RAS: Retrieval-And-Structuring for Knowledge-Intensive LLM Generation

This paper proposes RAS, a framework that dynamically constructs query-specific knowledge graphs at inference time for each input question. Through three stages—iterative retrieval planning, text-to-triple conversion, and graph-augmented answering—RAS achieves structured reasoning and attains improvements of up to 7.0% and 8.7% over prior methods on 7 knowledge-intensive benchmarks for open-source and closed-source LLMs, respectively.

Relational Graph Transformer

This paper proposes RelGT, the first graph Transformer specifically designed for relational databases. Through multi-element tokenization (a 5-tuple of feature/type/hop distance/time/local structure encodings) and a local–global hybrid attention mechanism, RelGT consistently outperforms GNN baselines across all 21 tasks in the RelBench benchmark, with improvements of up to 18%.

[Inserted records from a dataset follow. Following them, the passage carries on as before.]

(* Let $1\le p<\infty$, $X=\ell_p(\mathbb Z_+)$, and let $\mathbf u,\mathbf v$ be bounded sequences of non-zero scalars. Assume that either $$\liminf_{n\to\infty}\max_{0\le d\le N}\left|\frac{u_1\cdots u_{n+d}}{v_1\cdots v_{n+d}}\right|=0\quad\text{for all }N\ge0,$$ or $$\limsup_{n\to\infty}\min_{0\le d\le N}\left|\frac{u_1\cdots u_{n+d}}{v_1\cdots v_{n+d}}\right|=\infty\quad\text{for all }N\ge0.$$ Then $B_{\mathbf u}$ and $B_{\mathbf v}$ are orthogonal.
   Context: $(e_n)_{n\ge0}$ is the canonical basis of $\ell_p(\mathbb Z_+)$ (real or complex). For a bounded sequence $\mathbf w$ of non-zero scalars, $B_{\mathbf w}e_0=0$, $B_{\mathbf w}e_n=w_ne_{n-1}$. Two operators $T_1,T_2$ on $X$ are orthogonal if whenever $m_1,m_2$ are Borel probability measures invariant under $T_1$, $T_2$ respectively (i.e. $m_i(T_i^{-1}A)=m_i(A)$ for Borel $A$) with $m_1(\{0\})=0=m_2(\{0\})$, then $m_1$ and $m_2$ are mutually singular. *)

theory Defs
  imports "HOL-Analysis.Analysis" "HOL-Probability.Probability"
begin

definition lp :: "real \<Rightarrow> (nat \<Rightarrow> 'a::real_normed_field) set" where
  "lp p = {x. summable (\<lambda>n. norm (x n) powr p)}"

definition lp_norm :: "real \<Rightarrow> (nat \<Rightarrow> 'a::real_normed_field) \<Rightarrow> real" where
  "lp_norm p x = (\<Sum>n. norm (x n) powr p) powr (1 / p)"

definition lp_topology :: "real \<Rightarrow> (nat \<Rightarrow> 'a::real_normed_field) topology" where
  "lp_topology p = Metric_space.mtopology (lp p) (\<lambda>x y. lp_norm p (\<lambda>n. x n - y n))"

definition lp_borel :: "real \<Rightarrow> (nat \<Rightarrow> 'a::real_normed_field) measure" where
  "lp_borel p = sigma (lp p) {U. openin (lp_topology p) U}"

Relatron: Automating Relational Machine Learning over Relational Databases

This work systematically compares relational deep learning (RDL/GNN) and deep feature synthesis (DFS) on predictive tasks over relational databases, finding that neither dominates uniformly and performance is highly task-dependent. The authors propose Relatron — a task-embedding-based meta-selector that leverages RDB task homophily and affinity embeddings for automatic architecture selection, achieving up to 18.5% improvement in joint architecture–hyperparameter search.

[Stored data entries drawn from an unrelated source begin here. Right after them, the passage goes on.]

(* Let $q$ be a prime power and $h\geq 2$. Let $\vec u,\vec v,\vec w$ be three $\mathbb{F}_{q^h}$-linearly independent vectors in $\mathbb{F}_{q^h}^3$, and let $f:\mathbb{F}_{q^h}\to\mathbb{F}_q$ be a nonzero $\mathbb{F}_q$-linear functional. Define $U=\{x\vec u+f(x)\vec v+y\vec w : x\in\mathbb{F}_{q^h},\ y\in\mathbb{F}_q\}$. Then $\mathcal{L}_U$ is a blocking set of $\mathrm{PG}(2,q^h)$ of size $q^h+q^{h-1}+1$.
   Context: For an $\mathbb{F}_q$-subspace $U$ of $\mathbb{F}_{q^h}^3$, $\mathcal{L}_U=\{\langle\vec z\rangle_{\mathbb{F}_{q^h}} : \vec z\in U\setminus\{0\}\}$, viewed as a set of points of $\mathrm{PG}(2,q^h)$. A blocking set is a point set meeting every line. *)

theory Defs
  imports "HOL-Analysis.Finite_Cartesian_Product" "HOL-Computational_Algebra.Primes"
begin

definition is_subfield :: "'a::field set \<Rightarrow> bool" where
  "is_subfield K \<longleftrightarrow> 0 \<in> K \<and> 1 \<in> K \<and>
     (\<forall>x\<in>K. \<forall>y\<in>K. x + y \<in> K \<and> x * y \<in> K) \<and>
     (\<forall>x\<in>K. - x \<in> K) \<and> (\<forall>x\<in>K. x \<noteq> 0 \<longrightarrow> inverse x \<in> K)"

definition is_K_linear_functional :: "'a::field set \<Rightarrow> ('a \<Rightarrow> 'a) \<Rightarrow> bool" where
  "is_K_linear_functional K f \<longleftrightarrow> (\<forall>x. f x \<in> K) \<and>
     (\<forall>x y. f (x + y) = f x + f y) \<and> (\<forall>c\<in>K. \<forall>x. f (c * x) = c * f x)"

definition lin_indep3 :: "'a::field ^ 3 \<Rightarrow> 'a ^ 3 \<Rightarrow> 'a ^ 3 \<Rightarrow> bool" where
  "lin_indep3 u v w \<longleftrightarrow>
     (\<forall>a b c. a *s u + b *s v + c *s w = 0 \<longrightarrow> a = 0 \<and> b = 0 \<and> c = 0)"

definition pt :: "'a::field ^ 3 \<Rightarrow> ('a ^ 3) set" where
  "pt z = {c *s z | c. True}"

definition PG2_points :: "('a::field ^ 3) set set" where
  "PG2_points = {pt z | z. z \<noteq> 0}"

Revisiting Node Affinity Prediction in Temporal Graphs

This paper analyzes why simple heuristics (persistent forecasting, moving average) consistently outperform complex TGNNs on temporal graph node affinity prediction. It proves that these heuristics are special cases of linear SSMs and that standard RNNs/LSTMs/GRUs cannot express even the most basic persistent forecasting. Based on these findings, the paper proposes NAViS — a linear SSM architecture with a virtual global state and a ranking loss — which surpasses all baselines on TGB benchmarks.

Structurally Human, Semantically Biased: Detecting LLM-Generated References with Embeddings and GNNs

By constructing paired citation graphs (human vs. GPT-4o-generated vs. random baseline) for 10,000 papers, this work finds that LLM-generated reference lists are nearly indistinguishable from human ones in terms of graph topology (RF accuracy only 60%), yet are effectively detectable via semantic embeddings (RF 83%, GNN 93%). This indicates that LLMs accurately mimic citation topology while leaving detectable semantic fingerprints.

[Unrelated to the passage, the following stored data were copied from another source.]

lemma cone_gap_transport:
  assumes i: "i \<in> I" and t: "0 \<le> t" and x: "x \<in> DeltaK" and y: "y \<in> DeltaK"
    and a: "0 \<le> a" and b: "0 \<le> b"
  shows "a * cone_gap F i t x \<le> b * cone_ext I F y + norm1 (\<lambda>k. a * x k - b * y k)"
proof -
  define s where "s = a * t"
  have s: "0 \<le> s" using a t by (simp add: s_def)
  have "a * cone_gap F i t x = s * F i - norm1 (\<lambda>k. s * i k - a * x k)"
    using cone_gap_scale[OF a] by (simp add: s_def mult.assoc)
  also have "\<dots> \<le> b * cone_ext I F y + norm1 (\<lambda>k. a * x k - b * y k)"
  proof (cases "b = 0")
    case True
    have "s - a \<le> norm1 (\<lambda>k. s * i k - a * x k)"
      using i I_sub x by (intro norm1_mass_difference) auto
    moreover have "s * F i \<le> s" using F_le_1[OF i] s by (simp add: mult_left_le)
    ultimately show ?thesis using True norm1_scaled_point[OF x a] by simp
  next
    case False
    then have "b > 0" using b by simp
    have "s * F i - norm1 (\<lambda>k. s * i k - b * y k) = b * cone_gap F i (s / b) y"
      using cone_gap_scale[OF b, of F i "s / b" y] \<open>b > 0\<close> by simp
    also have "\<dots> \<le> b * cone_ext I F y"
      using cone_ext_upper[OF i _ y] s b by (intro mult_left_mono) auto
    finally show ?thesis using norm1_triangle[of "\<lambda>k. s * i k" "\<lambda>k. b * y k" "\<lambda>k. a * x k"] by linarith
  qed
  finally show ?thesis .
qed

lemma cone_ext_homogeneous_lipschitz:
  assumes x: "x \<in> DeltaK" and y: "y \<in> DeltaK" and a: "0 \<le> a" and b: "0 \<le> b"
  shows "a * cone_ext I F x - b * cone_ext I F y \<le> norm1 (\<lambda>k. a * x k - b * y k)"
proof (cases "a = 0")
  case True
  then show ?thesis
    using mult_left_mono[OF cone_ext_ge_minus_one[OF y] b] norm1_scale[OF b, of "\<lambda>k. - y k"]
      norm1_scaled_point[OF y b] by (simp add: norm1_def)
next
  case False
  then have "a > 0" using a by simp
  have "cone_ext I F x \<le> (b * cone_ext I F y + norm1 (\<lambda>k. a * x k - b * y k)) / a"
    unfolding cone_ext_def[of I F x]
  proof (rule cSUP_least)
    show "I \<times> {0::real..} \<noteq> {}" using I_ne by force
    fix p assume "p \<in> I \<times> {0::real..}"
    then show "cone_gap F (fst p) (snd p) x \<le> (b * cone_ext I F y + norm1 (\<lambda>k. a * x k - b * y k)) / a"
      using cone_gap_transport[OF _ _ x y a b] \<open>a > 0\<close> by (auto simp: le_divide_eq mult.commute)
  qed
  then show ?thesis using \<open>a > 0\<close> by (simp add: le_divide_eq mult.commute)
qed

lemma cone_ext_in_D1: "cone_ext I F \<in> D1"
proof -
  have "continuous_on DeltaK (cone_ext I F)"
  proof (rule l1_lipschitz_continuous_on)
    fix x y :: "'k \<Rightarrow> real" assume x: "x \<in> DeltaK" and y: "y \<in> DeltaK"
    show "\<bar>cone_ext I F x - cone_ext I F y\<bar> \<le> (\<Sum>k\<in>UNIV. \<bar>x k - y k\<bar>)"
      using cone_ext_homogeneous_lipschitz[OF x y, of 1 1] cone_ext_homogeneous_lipschitz[OF y x, of 1 1]
      by (simp add: norm1_def abs_minus_commute abs_le_iff)
  qed
  then show ?thesis using cone_ext_homogeneous_lipschitz by (auto simp: D1_def)
qed

lemma cone_ext_extends: "i \<in> I \<Longrightarrow> F i \<le> cone_ext I F i"
  using cone_ext_upper[of i 1 i] I_sub by (auto simp: cone_gap_def norm1_def)

lemma cone_ext_below:
  assumes j: "j \<in> DeltaK"
    and G: "\<And>i t. i \<in> I \<Longrightarrow> 0 \<le> t \<Longrightarrow> t * F i - G \<le> norm1 (\<lambda>k. t * i k - j k)"
  shows "cone_ext I F j \<le> G"
  unfolding cone_ext_def
proof (rule cSUP_least)
  show "I \<times> {0::real..} \<noteq> {}" using I_ne by force
  fix p assume "p \<in> I \<times> {0::real..}"
  then show "cone_gap F (fst p) (snd p) j \<le> G" using G[of "fst p" "snd p"] by (auto simp: cone_gap_def)
qed

end

section \<open>Weak duality\<close>

lemma sum_mult_le_norm1:
  assumes "\<And>k. \<bar>h k\<bar> \<le> L"
  shows "(\<Sum>k\<in>UNIV. h k * z k) \<le> L * norm1 z"
proof -
  have "h k * z k \<le> L * \<bar>z k\<bar>" for k
    using mult_right_mono[OF assms[of k] abs_ge_zero[of "z k"]] by (metis abs_ge_self abs_mult order_trans)
  then show ?thesis by (simp add: norm1_def sum_distrib_left sum_mono)
qed

text \<open>For f in D1 the integral against a probability in DeltaF lies in [-1, 1], so the supremum
  defining d_* is finite.\<close>
lemma integ_abs_le_one:
  assumes u: "u \<in> DeltaF" and f: "f \<in> D1"
  shows "\<bar>integ u f\<bar> \<le> 1"
proof -
  have "\<bar>integ u f\<bar> \<le> (\<Sum>x\<in>{x. u x \<noteq> 0}. u x * \<bar>f x\<bar>)"
    unfolding integ_def using u by (auto simp: DeltaF_def abs_mult intro: order_trans[OF sum_abs])
  also have "\<dots> \<le> (\<Sum>x\<in>{x. u x \<noteq> 0}. u x)"
    using u D1_bound[OF f] by (intro sum_mono) (auto simp: DeltaF_def mult_left_le)
  finally show ?thesis using u by (simp add: DeltaF_def)
qed

lemma dstar_upper:
  assumes u: "u \<in> DeltaF" and v: "v \<in> DeltaF" and f: "f \<in> D1"
  shows "integ u f - integ v f \<le> dstar u v"
proof -
  have "bdd_above ((\<lambda>f. integ u f - integ v f) ` D1)"
    using integ_abs_le_one[OF u] integ_abs_le_one[OF v] by (intro bdd_aboveI2[of _ _ 2]) fastforce
  then show ?thesis unfolding dstar_def using f by (rule cSUP_upper[rotated])
qed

Towards Improved Sentence Representations using Token Graphs

This paper proposes Glot, a lightweight structure-aware pooling module that constructs a latent similarity graph from token-level hidden states of a frozen LLM, refines them via a GNN, and aggregates them into a sentence representation. Glot achieves competitive performance with fine-tuning-based methods on GLUE/MTEB while requiring 20× fewer parameters and 100× faster training.